(* Let $d>0$ be fixed. For every integer $N>d$ put $p=d/N$ and let $D_N(i,j)$, $S_N(i,j)$ ($1\le i,j\le N$) be the mean-field node-based quantities defined in the context. Let $\tilde{\mathcal D}_N:[0,1)^2\to\mathbb R$ be the scaled function defined in the context. Then, as $N\to\infty$, $\tilde{\mathcal D}_N$ converges uniformly on $[0,1)^2$ to $$\mathcal D_\infty(\alpha,\beta)=\frac{d\,e^{d|\beta-\alpha|}}{\bigl(1-e^{-d\min(\alpha,\beta)}+e^{d|\beta-\alpha|}\bigr)^2}.$$ Equivalently, $\mathcal D_\infty(\alpha,\beta)=\dfrac{d\,e^{d(\beta-\alpha)}}{(1-e^{-d\alpha}+e^{d(\beta-\alpha)})^2}$ for all $(\alpha,\beta)$; this expression is symmetric in $(\alpha,\beta)$.
   Context: Mean-field node-based recursion: fix $N$ and $p\in(0,1]$. For $i,j\in\{1,\dots,N\}$ define $D_N(i,j)$ and $S_N(i,j)$ jointly by $S_N(i,j)=1-\sum_{k=1}^{j-1}D_N(i,k)$, $D_N(i,i)=0$, and $D_N(i,j)=p\,S_N(i,j)\,S_N(j,i)$ for $i\ne j$. (This is well defined by induction on $i+j$, since $S_N(i,j)$ only involves $D_N(i,k)$ with $k<j$.) For $\alpha\in[0,1)$ write $i_N(\alpha)=\lfloor N\alpha\rfloor+1\in\{1,\dots,N\}$. The scaled function is $\tilde{\mathcal D}_N(\alpha,\beta)=N\,D_N(i_N(\alpha),i_N(\beta))$ if $\lfloor N\alpha\rfloor\neq\lfloor N\beta\rfloor$, and $\tilde{\mathcal D}_N(\alpha,\beta)=N p\,S_N(i_N(\alpha),i_N(\alpha))^2$ otherwise. Here $p=d/N$. *)

theory Defs
  imports "HOL-Analysis.Analysis"
begin

text \<open>Mean-field node-based recursion (indices are natural numbers, meaningful for 1..N).  We define D and S by mutual recursion
  on i + j (D at (i,j) calls S at (i,j) and (j,i); S at (i,j) calls D at (i,k), k < j).\<close>

function D_mf :: "real \<Rightarrow> nat \<Rightarrow> nat \<Rightarrow> real"
  and S_mf :: "real \<Rightarrow> nat \<Rightarrow> nat \<Rightarrow> real" where
  "D_mf p i j = (if i = j then 0 else p * S_mf p i j * S_mf p j i)"
| "S_mf p i j = 1 - (\<Sum>k\<in>{1..<j}. D_mf p i k)"
  by pat_completeness auto
termination
  by (relation "Wellfounded.measure (\<lambda>x. case x of Inl (p, i, j) \<Rightarrow> 2 * (i + j) + (1::nat)
                                    | Inr (p, i, j) \<Rightarrow> 2 * (i + j))") auto

definition idxN :: "nat \<Rightarrow> real \<Rightarrow> nat" where
  "idxN N \<alpha> = nat \<lfloor>real N * \<alpha>\<rfloor> + 1"

definition Dscaled :: "real \<Rightarrow> nat \<Rightarrow> real \<Rightarrow> real \<Rightarrow> real" where
  "Dscaled d N \<alpha> \<beta> =
     (let p = d / real N in
      if \<lfloor>real N * \<alpha>\<rfloor> \<noteq> \<lfloor>real N * \<beta>\<rfloor>
      then real N * D_mf p (idxN N \<alpha>) (idxN N \<beta>)
      else real N * p * (S_mf p (idxN N \<alpha>) (idxN N \<alpha>))^2)"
##########
**Exercise**
Copy out all of the records, keeping every line identical.

**Result**
(* Let $d>0$ be fixed. For every integer $N>d$ put $p=d/N$ and let $D_N(i,j)$, $S_N(i,j)$ ($1\le i,j\le N$) be the mean-field node-based quantities defined in the context. Let $\tilde{\mathcal D}_N:[0,1)^2\to\mathbb R$ be the scaled function defined in the context. Then, as $N\to\infty$, $\tilde{\mathcal D}_N$ converges uniformly on $[0,1)^2$ to $$\mathcal D_\infty(\alpha,\beta)=\frac{d\,e^{d|\beta-\alpha|}}{\bigl(1-e^{-d\min(\alpha,\beta)}+e^{d|\beta-\alpha|}\bigr)^2}.$$ Equivalently, $\mathcal D_\infty(\alpha,\beta)=\dfrac{d\,e^{d(\beta-\alpha)}}{(1-e^{-d\alpha}+e^{d(\beta-\alpha)})^2}$ for all $(\alpha,\beta)$; this expression is symmetric in $(\alpha,\beta)$.
   Context: Mean-field node-based recursion: fix $N$ and $p\in(0,1]$. For $i,j\in\{1,\dots,N\}$ define $D_N(i,j)$ and $S_N(i,j)$ jointly by $S_N(i,j)=1-\sum_{k=1}^{j-1}D_N(i,k)$, $D_N(i,i)=0$, and $D_N(i,j)=p\,S_N(i,j)\,S_N(j,i)$ for $i\ne j$. (This is well defined by induction on $i+j$, since $S_N(i,j)$ only involves $D_N(i,k)$ with $k<j$.) For $\alpha\in[0,1)$ write $i_N(\alpha)=\lfloor N\alpha\rfloor+1\in\{1,\dots,N\}$. The scaled function is $\tilde{\mathcal D}_N(\alpha,\beta)=N\,D_N(i_N(\alpha),i_N(\beta))$ if $\lfloor N\alpha\rfloor\neq\lfloor N\beta\rfloor$, and $\tilde{\mathcal D}_N(\alpha,\beta)=N p\,S_N(i_N(\alpha),i_N(\alpha))^2$ otherwise. Here $p=d/N$. *)

theory Defs
  imports "HOL-Analysis.Analysis"
begin

text \<open>Mean-field node-based recursion (indices are natural numbers, meaningful for 1..N).  We define D and S by mutual recursion
  on i + j (D at (i,j) calls S at (i,j) and (j,i); S at (i,j) calls D at (i,k), k < j).\<close>

function D_mf :: "real \<Rightarrow> nat \<Rightarrow> nat \<Rightarrow> real"
  and S_mf :: "real \<Rightarrow> nat \<Rightarrow> nat \<Rightarrow> real" where
  "D_mf p i j = (if i = j then 0 else p * S_mf p i j * S_mf p j i)"
| "S_mf p i j = 1 - (\<Sum>k\<in>{1..<j}. D_mf p i k)"
  by pat_completeness auto
termination
  by (relation "Wellfounded.measure (\<lambda>x. case x of Inl (p, i, j) \<Rightarrow> 2 * (i + j) + (1::nat)
                                    | Inr (p, i, j) \<Rightarrow> 2 * (i + j))") auto

definition idxN :: "nat \<Rightarrow> real \<Rightarrow> nat" where
  "idxN N \<alpha> = nat \<lfloor>real N * \<alpha>\<rfloor> + 1"

definition Dscaled :: "real \<Rightarrow> nat \<Rightarrow> real \<Rightarrow> real \<Rightarrow> real" where
  "Dscaled d N \<alpha> \<beta> =
     (let p = d / real N in
      if \<lfloor>real N * \<alpha>\<rfloor> \<noteq> \<lfloor>real N * \<beta>\<rfloor>
      then real N * D_mf p (idxN N \<alpha>) (idxN N \<beta>)
      else real N * p * (S_mf p (idxN N \<alpha>) (idxN N \<alpha>))^2)"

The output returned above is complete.